From mouth to keyboard: the place of non-canonical written and spoken structures in lexicography
Authors: Ana Zwitter Vitez, Darja Fišer
Abstract:
As user-generated content is on the rise both in terms of volume and importance, the long established relation between spoken and written communication needs to be re-examined in lexicography. This is the aim of this paper, in which we perform a corpus-based analysis of typical non-canonical words in spoken and computer-mediated communication in Slovene. The results show that the spoken and the Twitter corpus contain a similar proportion of non-standard pronunciation/spelling variants, interaction words and informal lexemes. On the opposite end of the spectrum are news comments which contain a higher proportion of nouns and a smaller proportion of non-canonical words. The presented study brings a language-independent methodology of identifying typical elements of spoken and written informal texts.

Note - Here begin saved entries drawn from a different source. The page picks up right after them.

lemma sqrt_succ_weight_add: "((d - 1) * s - 1) / d + (1 + s) / (d * s) = d / s"
  using s_sq d_pos s_pos by (simp add: field_simps)

lemma sqrt_succ_quadratic: "d * (((d - 1) * s - 1) / d)\<^sup>2 + 2 * (((d - 1) * s - 1) / d) = d\<^sup>2 - d - 1"
  using s_sq d_pos s_pos by (simp add: field_simps power2_eq_square)

lemma sqrt_succ_gram:
  "((1 + s) / (d * s))\<^sup>2 * d - 2 * ((1 + s) / (d * s)) / s + x * d / (s * s) = (d * x + 1) / (d + 1)"
proof -
  have "((1 + s) / (d * s))\<^sup>2 * d - 2 * ((1 + s) / (d * s)) / s = ((1 + s)\<^sup>2 - 2 * (1 + s)) / (d * (s * s))"
    using d_pos s_pos by (simp add: field_simps power2_eq_square)
  also have "(1 + s)\<^sup>2 - 2 * (1 + s) = d" using s_sq by (simp add: power2_eq_square algebra_simps)
  finally have "((1 + s) / (d * s))\<^sup>2 * d - 2 * ((1 + s) / (d * s)) / s = 1 / (d + 1)"
    using s_sq d_pos by simp
  thus ?thesis using s_sq by (simp add: add_divide_distrib mult.commute)
qed

lemma inverse_sqrt_succ_less_offset: "1 / s < (1 + s) / d"
  using s_sq d_pos s_pos by (simp add: field_simps)

end

lemma sqrt_succ_conds:
  assumes "0 < d"
  shows "sqrt (real d + 1) * sqrt (real d + 1) = real d + 1" "0 < real d" "0 < sqrt (real d + 1)"
  using assms by simp_all

lemma Nplus_pos:
  assumes "2 \<le> d"
  shows "0 < Nplus d"
proof -
  have "1 < sqrt (real d + 1)" using assms by simp
  also have "\<dots> \<le> (real d - 1) * sqrt (real d + 1)" using assms by simp
  finally show ?thesis using assms by (simp add: Nplus_def)
qed

lemma sum_squares_split_off:
  fixes q :: "nat \<Rightarrow> real" and d :: nat
  assumes d: "2 \<le> d" and j: "j < d\<^sup>2"
  defines "K \<equiv> {..<d\<^sup>2} - {j}"
  defines "c \<equiv> sum q K / ((real d)\<^sup>2 - 1)"
  shows "(\<Sum>k<d\<^sup>2. (q k)\<^sup>2) = (q j)\<^sup>2 + (sum q K)\<^sup>2 / ((real d)\<^sup>2 - 1) + (\<Sum>k\<in>K. (q k - c)\<^sup>2)"
proof -
  have "card K = d\<^sup>2 - 1" using j by (simp add: K_def)
  hence card_K: "card K = (real d)\<^sup>2 - 1" using j by (simp add: of_nat_diff)
  have "(2::real)\<^sup>2 \<le> (real d)\<^sup>2" using d by (intro power_mono) auto
  hence "K \<noteq> {}" using card_K by auto
  have "(\<Sum>k<d\<^sup>2. (q k)\<^sup>2) = (q j)\<^sup>2 + (\<Sum>k\<in>K. (q k)\<^sup>2)"
    using j by (simp add: K_def sum.remove)
  also have "(\<Sum>k\<in>K. (q k)\<^sup>2) = (\<Sum>k\<in>K. (q k - c)\<^sup>2) + (sum q K)\<^sup>2 / ((real d)\<^sup>2 - 1)"
    using sum_squares_eq_deviation[of K q] \<open>K \<noteq> {}\<close> unfolding card_K c_def by (simp add: K_def)
  finally show ?thesis by simp
qed
(* Let $i\ge 3$ and $k\ge 3$ be integers. Then: (a) $g_3(L_i,L_{i+2},L_{i+k})=(4L_i-1)L_{i+2}-L_i$ whenever $k\ge i+5$; (b) $g_3(L_i,L_{i+2},L_{2i+4})=(4F_{i-1}-F_{i-2}-1)L_{i+2}+L_{2i+4}-L_i$; (c) $g_3(L_i,L_{i+2},L_{2i+3})=(4F_{i+1}-1)L_{i+2}-L_i$; (d) $g_3(L_i,L_{i+2},L_{2i+2})=(F_i+2F_{i-3}-1)L_{i+2}+2L_{2i+2}-L_i$; (e) $g_3(L_i,L_{i+2},L_{2i+1})=(F_{i-1}-1)L_{i+2}+3L_{2i+1}-L_i$; (f) $g_3(L_i,L_{i+2},L_{2i})=(2F_{i-3}-1)L_{i+2}+4L_{2i}-L_i$ for $i\ge 4$, and $g_3(L_3,L_5,L_6)=3L_5+2L_6-L_3=69$; (g) if $r=\lfloor (L_i-1)/F_k\rfloor\ge 3$ (equivalently $k\le i-1$), then $$g_3(L_i,L_{i+2},L_{i+k})=\begin{cases}(L_i-rF_k-1)L_{i+2}+(r+3)L_{i+k}-L_i & \text{if } (L_i-rF_k)L_{i+2}\ge F_{k-2}L_i,\\ (F_k-1)L_{i+2}+(r+2)L_{i+k}-L_i & \text{if } (L_i-rF_k)L_{i+2}< F_{k-2}L_i.\end{cases}$$
   Context: Fibonacci numbers: $F_0=0$, $F_1=1$, $F_n=F_{n-1}+F_{n-2}$. Lucas numbers: $L_0=2$, $L_1=1$, $L_n=L_{n-1}+L_{n-2}$. For positive integers $a_1,\dots,a_l$ with $\gcd(a_1,\dots,a_l)=1$ and an integer $n$, let $d(n;a_1,\dots,a_l)$ be the number of tuples $(x_1,\dots,x_l)$ of nonnegative integers with $a_1x_1+\dots+a_lx_l=n$. For a nonnegative integer $p$, the $p$-Frobenius number $g_p(a_1,\dots,a_l)$ is the largest integer $n$ with $d(n;a_1,\dots,a_l)\le p$. *)

theory Defs
  imports Main "HOL-Number_Theory.Fib"
begin

fun lucas :: "nat \<Rightarrow> nat" where
  "lucas 0 = 2"
| "lucas (Suc 0) = 1"
| "lucas (Suc (Suc n)) = lucas (Suc n) + lucas n"

definition num_reps :: "int \<Rightarrow> nat list \<Rightarrow> nat" where
  "num_reps n as = card {xs :: nat list. length xs = length as \<and>
      int (\<Sum>j<length as. as ! j * xs ! j) = n}"

definition p_frobenius :: "nat \<Rightarrow> nat list \<Rightarrow> int" where
  "p_frobenius p as = (GREATEST n :: int. num_reps n as \<le> p)"

end

theory Submission
  imports Defs
begin

text \<open>Write a = L_i, b = L_(i+2), m = F_k and t = F_(k-2), so that L_(i+k) = m b - t a. Since a and b
  are coprime, every integer is n = b s + a e with a unique residue 0 \<le> s < a, and the solutions
  (x, y, z) of a x + b y + L_(i+k) z = n correspond to the lattice points (j, z) with
  y = s + j a - m z \<ge> 0 and x = e - j b + t z \<ge> 0. Their number grows with e, so g_3 = G follows from
  two certificates: G itself has at most three lattice points, and every residue class contains
  an element at most G + a with four. In each case of the theorem both certificates are small
  explicit configurations of lattice points, checked by inequalities between F_(i-1) and F_i.\<close>

lemma lucas_Suc_eq_fib: "lucas (Suc n) = fib n + fib (Suc (Suc n))"
  by (induction n rule: fib.induct) (simp_all add: numeral_2_eq_2)

lemma lucas_add:
  "int (lucas (i + k + 2)) = int (fib (k + 2)) * int (lucas (i + 2)) - int (fib k) * int (lucas i)"
proof (induction k rule: fib.induct)
  case (3 n)
  have "i + Suc (Suc n) + 2 = Suc (Suc (i + n + 2))" "i + Suc n + 2 = Suc (i + n + 2)" by simp_all
  with 3 show ?case by (simp add: algebra_simps)
qed (simp_all add: numeral_2_eq_2)

lemma coprime_lucas_Suc: "coprime (lucas n) (lucas (Suc n))"
proof (induction n)
  case (Suc n)
  then show ?case by (simp add: coprime_iff_gcd_eq_1 gcd.commute[of "lucas (Suc n)"])
qed simp

lemma coprime_lucas_add_2: "coprime (lucas n) (lucas (n + 2))"
  using coprime_lucas_Suc[of n] by (simp add: numeral_2_eq_2 coprime_iff_gcd_eq_1 add.commute)

lemma lucas_pos: "0 < lucas n"
  by (induction n rule: lucas.induct) simp_all

section \<open>Representations as lattice points\<close>

lemma le_of_mult_le_less_mult:
  fixes m z K q :: int
  assumes "0 < m" "m * z \<le> K" "K < m * (q + 1)"
  shows "z \<le> q"
proof -
  have "m * z < m * (q + 1)" using assms(2,3) by linarith
  then show ?thesis using assms(1) by (simp add: mult_less_cancel_left_pos)
qed

lemma pos_div_mult_bounds:
  fixes s m :: int
  assumes "0 < m"
  shows "m * (s div m) \<le> s" "s < m * (s div m) + m"
  using mult_div_mod_eq[of m s] pos_mod_bound[OF assms, of s] pos_mod_sign[OF assms, of s] by linarith+

definition lattice_reps :: "int \<Rightarrow> int \<Rightarrow> int \<Rightarrow> int \<Rightarrow> int \<Rightarrow> int \<Rightarrow> (nat \<times> nat) set" where
  "lattice_reps a b m t s e =
     {(j, z). m * int z \<le> s + int j * a \<and> int j * b - t * int z \<le> e}"

lemma mem_lattice_reps [simp]:
  "(j, z) \<in> lattice_reps a b m t s e
    \<longleftrightarrow> m * int z \<le> s + int j * a \<and> int j * b - t * int z \<le> e"
  by (simp add: lattice_reps_def)

lemma lattice_reps_mono:
  "s \<le> s' \<Longrightarrow> e \<le> e' \<Longrightarrow> lattice_reps a b m t s e \<subseteq> lattice_reps a b m t s' e'"
  by (auto simp: lattice_reps_def)

lemma lattice_reps_snd_le:
  assumes "m > 0" "(j, z) \<in> lattice_reps a b m t s e" "s + int j * a < m * (q + 1)"
  shows "int z \<le> q"
  using assms le_of_mult_le_less_mult[of m "int z" "s + int j * a" q] by simp

lemma lattice_reps_fst_less:
  assumes "m > 0" "t \<ge> 0" "m * b - t * a > 0" "m * e < int J * (m * b - t * a) - t * s"
    and "(j, z) \<in> lattice_reps a b m t s e"
  shows "j < J"
proof (rule ccontr)
  assume "\<not> j < J"
  then have "int J * (m * b - t * a) \<le> int j * (m * b - t * a)"
    using assms(3) by (simp add: mult_right_mono)
  also have "\<dots> - t * s \<le> m * (int j * b - t * int z)"
  proof -
    have "t * (m * int z) \<le> t * (s + int j * a)" using assms(2,5) by (simp add: mult_left_mono)
    then show ?thesis by (simp add: algebra_simps)
  qed
  also have "\<dots> \<le> m * e" using assms(1,5) by simp
  finally show False using assms(4) by linarith
qed

lemma finite_lattice_reps:
  assumes "a > 0" "m > 0" "t \<ge> 0" "m * b - t * a > 0"
  shows "finite (lattice_reps a b m t s e)"
proof -
  define J where "J = nat (m * e + t * s) + 1"
  have J: "m * e < int J * (m * b - t * a) - t * s"
  proof -
    have "int J \<le> int J * (m * b - t * a)" using assms(4) by (simp add: mult_le_cancel_left1)
    then show ?thesis unfolding J_def by linarith
  qed
  have "lattice_reps a b m t s e \<subseteq> {..<J} \<times> {..nat (s + int J * a)}"
  proof (rule subrelI)
    fix j z assume p: "(j, z) \<in> lattice_reps a b m t s e"
    then have "j < J" using lattice_reps_fst_less[OF assms(2-4) J] by blast
    then have "int j * a \<le> int J * a" using assms(1) by simp
    moreover have "int z \<le> m * int z" using assms(2) by (simp add: mult_le_cancel_right1)
    ultimately have "int z \<le> s + int J * a" using p by simp
    then show "(j, z) \<in> {..<J} \<times> {..nat (s + int J * a)}" using \<open>j < J\<close> by simp
  qed
  then show ?thesis by (rule finite_subset) simp
qed
lemma maximal_monotone_minty:
  fixes A :: "'b::{real_inner, complete_space} \<Rightarrow> 'b set"
  assumes A: "maximal_monotone A" and \<mu>: "0 < \<mu>"
  shows "\<exists>x. (1/\<mu>) *\<^sub>R (w - x) \<in> A x"
proof -
  define M where "M = {(y, \<mu> *\<^sub>R a - w) | y a. a \<in> A y}"
  have M_iff: "(y, b) \<in> M \<longleftrightarrow> (\<exists>a\<in>A y. b = \<mu> *\<^sub>R a - w)" for y b
    unfolding M_def by auto
  have "0 \<le> inner (y - y') (b - b')" if "(y, b) \<in> M" "(y', b') \<in> M" for y b y' b'
  proof -
    from that obtain a a' where "a \<in> A y" "a' \<in> A y'" "b = \<mu> *\<^sub>R a - w" "b' = \<mu> *\<^sub>R a' - w"
      unfolding M_iff by blast
    moreover have "monotone_op A" using A unfolding maximal_monotone_def by simp
    ultimately show ?thesis
      using \<mu> unfolding monotone_op_def by (simp add: inner_diff_right flip: scaleR_diff_right)
  qed
  then obtain x where x: "\<forall>(y, b)\<in>M. inner (x - y) (x + b) \<le> 0"
    using monotone_set_minty by blast
  have "0 \<le> inner (x - y) ((1/\<mu>) *\<^sub>R (w - x) - a)" if "a \<in> A y" for y a
  proof -
    have "(y, \<mu> *\<^sub>R a - w) \<in> M" unfolding M_iff using that by blast
    then have "inner (x - y) (x + (\<mu> *\<^sub>R a - w)) \<le> 0" using x by auto
    moreover have "(1/\<mu>) *\<^sub>R (w - x) - a = - (1/\<mu>) *\<^sub>R (x + (\<mu> *\<^sub>R a - w))"
      using \<mu> by (simp add: algebra_simps)
    ultimately show ?thesis using \<mu> by (simp add: divide_nonpos_pos)
  qed
  then show ?thesis using A unfolding maximal_monotone_def by blast
qed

Keywords: lexicography; non-canonical language; computer-mediated communication; spoken language
Reference: In Kosem, I., Jakubiček, M., Kallas, J., Krek, S. (eds.) Electronic lexicography in the 21st century: linking lexical data in the digital age. Proceedings of the eLex 2015 conference, 11-13 August 2015, Herstmonceux Castle, United Kingdom. Ljubljana/Brighton: Trojina, Institute for Applied Slovene Studies/Lexical Computing Ltd., pp. 250-267.